[Source records]
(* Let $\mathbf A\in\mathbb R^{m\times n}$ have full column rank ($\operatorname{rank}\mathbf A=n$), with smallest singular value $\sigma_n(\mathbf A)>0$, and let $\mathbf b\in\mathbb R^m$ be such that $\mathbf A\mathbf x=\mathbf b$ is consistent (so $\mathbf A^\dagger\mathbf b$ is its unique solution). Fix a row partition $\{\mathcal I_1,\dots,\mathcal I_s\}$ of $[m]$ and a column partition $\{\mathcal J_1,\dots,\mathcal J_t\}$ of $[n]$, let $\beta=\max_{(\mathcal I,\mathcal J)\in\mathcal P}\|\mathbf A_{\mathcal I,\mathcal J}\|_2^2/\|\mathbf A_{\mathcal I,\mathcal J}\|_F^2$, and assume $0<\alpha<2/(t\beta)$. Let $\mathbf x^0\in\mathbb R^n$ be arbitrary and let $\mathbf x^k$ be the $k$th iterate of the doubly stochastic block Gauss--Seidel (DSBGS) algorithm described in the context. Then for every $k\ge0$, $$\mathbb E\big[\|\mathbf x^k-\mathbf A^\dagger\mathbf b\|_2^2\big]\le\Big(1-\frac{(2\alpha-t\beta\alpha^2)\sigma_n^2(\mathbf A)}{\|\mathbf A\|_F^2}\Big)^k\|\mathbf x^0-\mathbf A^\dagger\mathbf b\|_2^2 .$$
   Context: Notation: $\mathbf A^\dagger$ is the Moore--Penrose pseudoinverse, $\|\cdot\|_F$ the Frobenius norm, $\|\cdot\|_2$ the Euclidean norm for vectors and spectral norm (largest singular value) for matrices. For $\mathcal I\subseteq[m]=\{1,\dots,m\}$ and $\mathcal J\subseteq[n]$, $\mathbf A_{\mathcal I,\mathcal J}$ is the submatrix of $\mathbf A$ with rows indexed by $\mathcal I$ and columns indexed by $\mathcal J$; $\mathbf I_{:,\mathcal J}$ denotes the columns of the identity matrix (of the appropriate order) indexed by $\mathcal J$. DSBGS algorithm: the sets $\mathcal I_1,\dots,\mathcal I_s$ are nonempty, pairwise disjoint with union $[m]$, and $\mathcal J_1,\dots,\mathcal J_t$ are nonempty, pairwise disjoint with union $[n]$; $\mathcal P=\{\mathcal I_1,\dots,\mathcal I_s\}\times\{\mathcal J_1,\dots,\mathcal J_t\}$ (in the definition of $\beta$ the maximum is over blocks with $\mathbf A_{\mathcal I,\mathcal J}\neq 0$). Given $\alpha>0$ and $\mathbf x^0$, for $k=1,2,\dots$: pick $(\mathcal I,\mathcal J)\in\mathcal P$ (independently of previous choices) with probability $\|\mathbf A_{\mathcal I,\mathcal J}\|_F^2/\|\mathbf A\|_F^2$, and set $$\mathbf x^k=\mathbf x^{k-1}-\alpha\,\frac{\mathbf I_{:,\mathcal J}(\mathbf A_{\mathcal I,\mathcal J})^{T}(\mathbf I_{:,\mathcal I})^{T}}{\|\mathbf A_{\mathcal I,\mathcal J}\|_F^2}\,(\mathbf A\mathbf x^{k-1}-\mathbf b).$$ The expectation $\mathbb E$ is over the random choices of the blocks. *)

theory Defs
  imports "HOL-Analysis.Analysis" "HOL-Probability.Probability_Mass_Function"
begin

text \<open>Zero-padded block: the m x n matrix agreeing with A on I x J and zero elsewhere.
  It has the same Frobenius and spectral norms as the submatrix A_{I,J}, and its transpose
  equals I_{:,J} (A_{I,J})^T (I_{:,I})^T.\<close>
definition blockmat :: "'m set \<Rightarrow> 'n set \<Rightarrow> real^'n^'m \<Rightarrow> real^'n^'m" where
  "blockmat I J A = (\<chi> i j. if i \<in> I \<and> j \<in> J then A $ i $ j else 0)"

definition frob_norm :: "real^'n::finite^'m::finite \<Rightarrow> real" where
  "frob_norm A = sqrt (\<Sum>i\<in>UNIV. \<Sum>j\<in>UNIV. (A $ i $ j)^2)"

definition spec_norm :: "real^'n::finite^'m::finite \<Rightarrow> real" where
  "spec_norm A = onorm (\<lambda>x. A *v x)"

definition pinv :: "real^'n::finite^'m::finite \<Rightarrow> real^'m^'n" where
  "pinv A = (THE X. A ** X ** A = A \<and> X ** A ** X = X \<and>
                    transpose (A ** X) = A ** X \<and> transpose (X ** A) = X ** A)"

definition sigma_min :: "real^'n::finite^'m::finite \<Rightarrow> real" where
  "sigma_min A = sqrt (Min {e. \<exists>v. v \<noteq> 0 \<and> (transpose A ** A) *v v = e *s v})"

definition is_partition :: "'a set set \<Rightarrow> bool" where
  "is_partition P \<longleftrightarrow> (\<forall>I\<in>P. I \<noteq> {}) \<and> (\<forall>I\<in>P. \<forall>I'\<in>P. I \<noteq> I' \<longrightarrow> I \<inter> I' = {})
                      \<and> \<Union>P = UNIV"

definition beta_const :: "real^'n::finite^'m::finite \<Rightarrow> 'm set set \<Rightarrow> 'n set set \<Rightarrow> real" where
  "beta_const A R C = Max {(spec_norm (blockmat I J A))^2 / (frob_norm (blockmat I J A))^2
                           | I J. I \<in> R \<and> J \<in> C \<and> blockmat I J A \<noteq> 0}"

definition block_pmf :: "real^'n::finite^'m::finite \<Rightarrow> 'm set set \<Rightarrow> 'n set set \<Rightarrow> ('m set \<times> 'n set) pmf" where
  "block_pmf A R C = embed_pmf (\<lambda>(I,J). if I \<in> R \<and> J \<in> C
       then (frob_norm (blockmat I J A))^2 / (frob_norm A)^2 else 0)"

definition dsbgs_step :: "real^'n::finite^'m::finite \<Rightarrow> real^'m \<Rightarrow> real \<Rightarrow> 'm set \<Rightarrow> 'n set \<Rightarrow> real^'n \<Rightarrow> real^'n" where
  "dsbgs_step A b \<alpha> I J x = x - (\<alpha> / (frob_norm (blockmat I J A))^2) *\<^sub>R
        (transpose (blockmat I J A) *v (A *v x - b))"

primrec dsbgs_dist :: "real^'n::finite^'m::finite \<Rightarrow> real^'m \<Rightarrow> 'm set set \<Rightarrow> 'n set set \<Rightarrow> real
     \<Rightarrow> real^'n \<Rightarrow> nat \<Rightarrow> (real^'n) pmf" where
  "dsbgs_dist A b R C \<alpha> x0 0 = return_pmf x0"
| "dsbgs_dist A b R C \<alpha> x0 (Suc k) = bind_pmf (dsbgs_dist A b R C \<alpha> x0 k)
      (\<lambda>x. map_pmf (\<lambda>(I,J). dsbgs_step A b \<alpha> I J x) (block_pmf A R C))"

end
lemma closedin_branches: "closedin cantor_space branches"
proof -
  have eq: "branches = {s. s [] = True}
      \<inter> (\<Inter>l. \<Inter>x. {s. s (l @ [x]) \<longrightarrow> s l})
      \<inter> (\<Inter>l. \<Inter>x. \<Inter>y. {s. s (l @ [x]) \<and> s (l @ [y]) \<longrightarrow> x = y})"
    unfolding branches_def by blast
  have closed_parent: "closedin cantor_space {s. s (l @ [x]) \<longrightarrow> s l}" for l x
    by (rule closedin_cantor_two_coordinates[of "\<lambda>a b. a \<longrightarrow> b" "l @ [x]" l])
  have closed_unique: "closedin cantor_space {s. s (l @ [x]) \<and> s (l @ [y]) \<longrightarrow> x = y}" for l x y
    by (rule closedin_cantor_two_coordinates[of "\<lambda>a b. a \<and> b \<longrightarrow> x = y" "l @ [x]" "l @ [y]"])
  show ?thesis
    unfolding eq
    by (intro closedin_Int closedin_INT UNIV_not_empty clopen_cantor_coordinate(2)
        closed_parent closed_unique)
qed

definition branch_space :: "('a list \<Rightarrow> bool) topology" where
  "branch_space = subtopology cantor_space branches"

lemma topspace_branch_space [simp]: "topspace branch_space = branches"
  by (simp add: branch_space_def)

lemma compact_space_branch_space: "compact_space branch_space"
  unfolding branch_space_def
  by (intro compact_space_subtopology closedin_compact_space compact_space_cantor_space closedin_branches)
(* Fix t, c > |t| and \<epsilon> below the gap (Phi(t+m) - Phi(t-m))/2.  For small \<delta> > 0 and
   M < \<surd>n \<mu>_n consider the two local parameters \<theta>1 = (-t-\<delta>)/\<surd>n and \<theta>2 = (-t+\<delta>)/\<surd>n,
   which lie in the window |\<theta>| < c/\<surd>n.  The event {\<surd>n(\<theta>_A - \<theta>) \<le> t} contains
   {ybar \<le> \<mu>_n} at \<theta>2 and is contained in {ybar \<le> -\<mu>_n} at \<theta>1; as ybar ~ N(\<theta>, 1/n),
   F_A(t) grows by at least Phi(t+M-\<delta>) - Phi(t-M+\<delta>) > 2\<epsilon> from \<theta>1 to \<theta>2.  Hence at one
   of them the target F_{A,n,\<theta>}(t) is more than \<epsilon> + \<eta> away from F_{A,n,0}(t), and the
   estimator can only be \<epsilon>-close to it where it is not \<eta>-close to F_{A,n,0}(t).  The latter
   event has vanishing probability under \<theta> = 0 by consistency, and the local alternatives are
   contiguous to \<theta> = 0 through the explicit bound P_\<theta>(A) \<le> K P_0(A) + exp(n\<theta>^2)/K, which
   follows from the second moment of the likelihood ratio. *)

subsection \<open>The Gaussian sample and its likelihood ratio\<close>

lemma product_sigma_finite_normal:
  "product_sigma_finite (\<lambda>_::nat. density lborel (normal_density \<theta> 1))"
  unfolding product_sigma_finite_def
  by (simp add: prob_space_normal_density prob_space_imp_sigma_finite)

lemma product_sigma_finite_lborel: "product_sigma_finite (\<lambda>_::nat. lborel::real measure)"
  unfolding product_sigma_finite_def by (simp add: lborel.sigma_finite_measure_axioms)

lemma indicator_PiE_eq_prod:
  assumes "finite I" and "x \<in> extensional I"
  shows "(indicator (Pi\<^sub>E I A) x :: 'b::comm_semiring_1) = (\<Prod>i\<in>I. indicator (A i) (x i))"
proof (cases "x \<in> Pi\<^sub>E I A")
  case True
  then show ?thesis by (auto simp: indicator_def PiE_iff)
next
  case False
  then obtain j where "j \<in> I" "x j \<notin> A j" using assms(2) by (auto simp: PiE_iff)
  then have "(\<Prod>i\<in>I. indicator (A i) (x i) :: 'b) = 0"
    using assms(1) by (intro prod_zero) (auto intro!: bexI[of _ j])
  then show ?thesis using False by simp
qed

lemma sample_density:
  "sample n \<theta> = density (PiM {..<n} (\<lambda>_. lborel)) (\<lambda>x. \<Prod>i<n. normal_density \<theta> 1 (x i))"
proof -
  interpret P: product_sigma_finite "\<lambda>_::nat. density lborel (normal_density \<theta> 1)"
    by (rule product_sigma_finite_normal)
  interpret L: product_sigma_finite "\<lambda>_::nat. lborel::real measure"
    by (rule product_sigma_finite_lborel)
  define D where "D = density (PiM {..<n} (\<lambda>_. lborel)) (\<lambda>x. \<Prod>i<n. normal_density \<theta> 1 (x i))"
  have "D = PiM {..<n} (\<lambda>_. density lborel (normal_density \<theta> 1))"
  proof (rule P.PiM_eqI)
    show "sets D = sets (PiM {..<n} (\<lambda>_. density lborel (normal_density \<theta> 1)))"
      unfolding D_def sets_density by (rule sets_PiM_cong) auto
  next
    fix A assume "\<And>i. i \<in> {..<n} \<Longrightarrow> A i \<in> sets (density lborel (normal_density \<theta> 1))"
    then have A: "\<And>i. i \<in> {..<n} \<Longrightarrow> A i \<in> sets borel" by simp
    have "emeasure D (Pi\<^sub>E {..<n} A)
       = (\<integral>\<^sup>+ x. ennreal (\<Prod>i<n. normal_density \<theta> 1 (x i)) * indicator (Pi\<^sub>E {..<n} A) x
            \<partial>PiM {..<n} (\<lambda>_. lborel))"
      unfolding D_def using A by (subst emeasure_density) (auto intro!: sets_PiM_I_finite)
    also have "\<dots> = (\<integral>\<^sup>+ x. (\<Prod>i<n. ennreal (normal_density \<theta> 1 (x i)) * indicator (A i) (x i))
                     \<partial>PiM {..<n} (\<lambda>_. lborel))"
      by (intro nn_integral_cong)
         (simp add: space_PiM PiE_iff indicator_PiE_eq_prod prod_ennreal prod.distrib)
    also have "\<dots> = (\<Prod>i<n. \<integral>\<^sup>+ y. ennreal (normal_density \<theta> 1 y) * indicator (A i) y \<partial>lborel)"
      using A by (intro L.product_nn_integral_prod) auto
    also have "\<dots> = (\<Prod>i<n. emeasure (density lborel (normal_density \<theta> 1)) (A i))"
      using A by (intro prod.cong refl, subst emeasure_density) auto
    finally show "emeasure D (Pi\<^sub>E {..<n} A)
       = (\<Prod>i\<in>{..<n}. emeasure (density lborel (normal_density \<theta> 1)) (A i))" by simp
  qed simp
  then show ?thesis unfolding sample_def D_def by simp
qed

● **Required work**
With the line that has "(* Fix t, c" as the first and the line that has "event has vanishing" as the last, repeat exactly that run of lines above and no more.

● **Output for this task**
(* Fix t, c > |t| and \<epsilon> below the gap (Phi(t+m) - Phi(t-m))/2.  For small \<delta> > 0 and
   M < \<surd>n \<mu>_n consider the two local parameters \<theta>1 = (-t-\<delta>)/\<surd>n and \<theta>2 = (-t+\<delta>)/\<surd>n,
   which lie in the window |\<theta>| < c/\<surd>n.  The event {\<surd>n(\<theta>_A - \<theta>) \<le> t} contains
   {ybar \<le> \<mu>_n} at \<theta>2 and is contained in {ybar \<le> -\<mu>_n} at \<theta>1; as ybar ~ N(\<theta>, 1/n),
   F_A(t) grows by at least Phi(t+M-\<delta>) - Phi(t-M+\<delta>) > 2\<epsilon> from \<theta>1 to \<theta>2.  Hence at one
   of them the target F_{A,n,\<theta>}(t) is more than \<epsilon> + \<eta> away from F_{A,n,0}(t), and the
   estimator can only be \<epsilon>-close to it where it is not \<eta>-close to F_{A,n,0}(t).  The latter
   event has vanishing probability under \<theta> = 0 by consistency, and the local alternatives are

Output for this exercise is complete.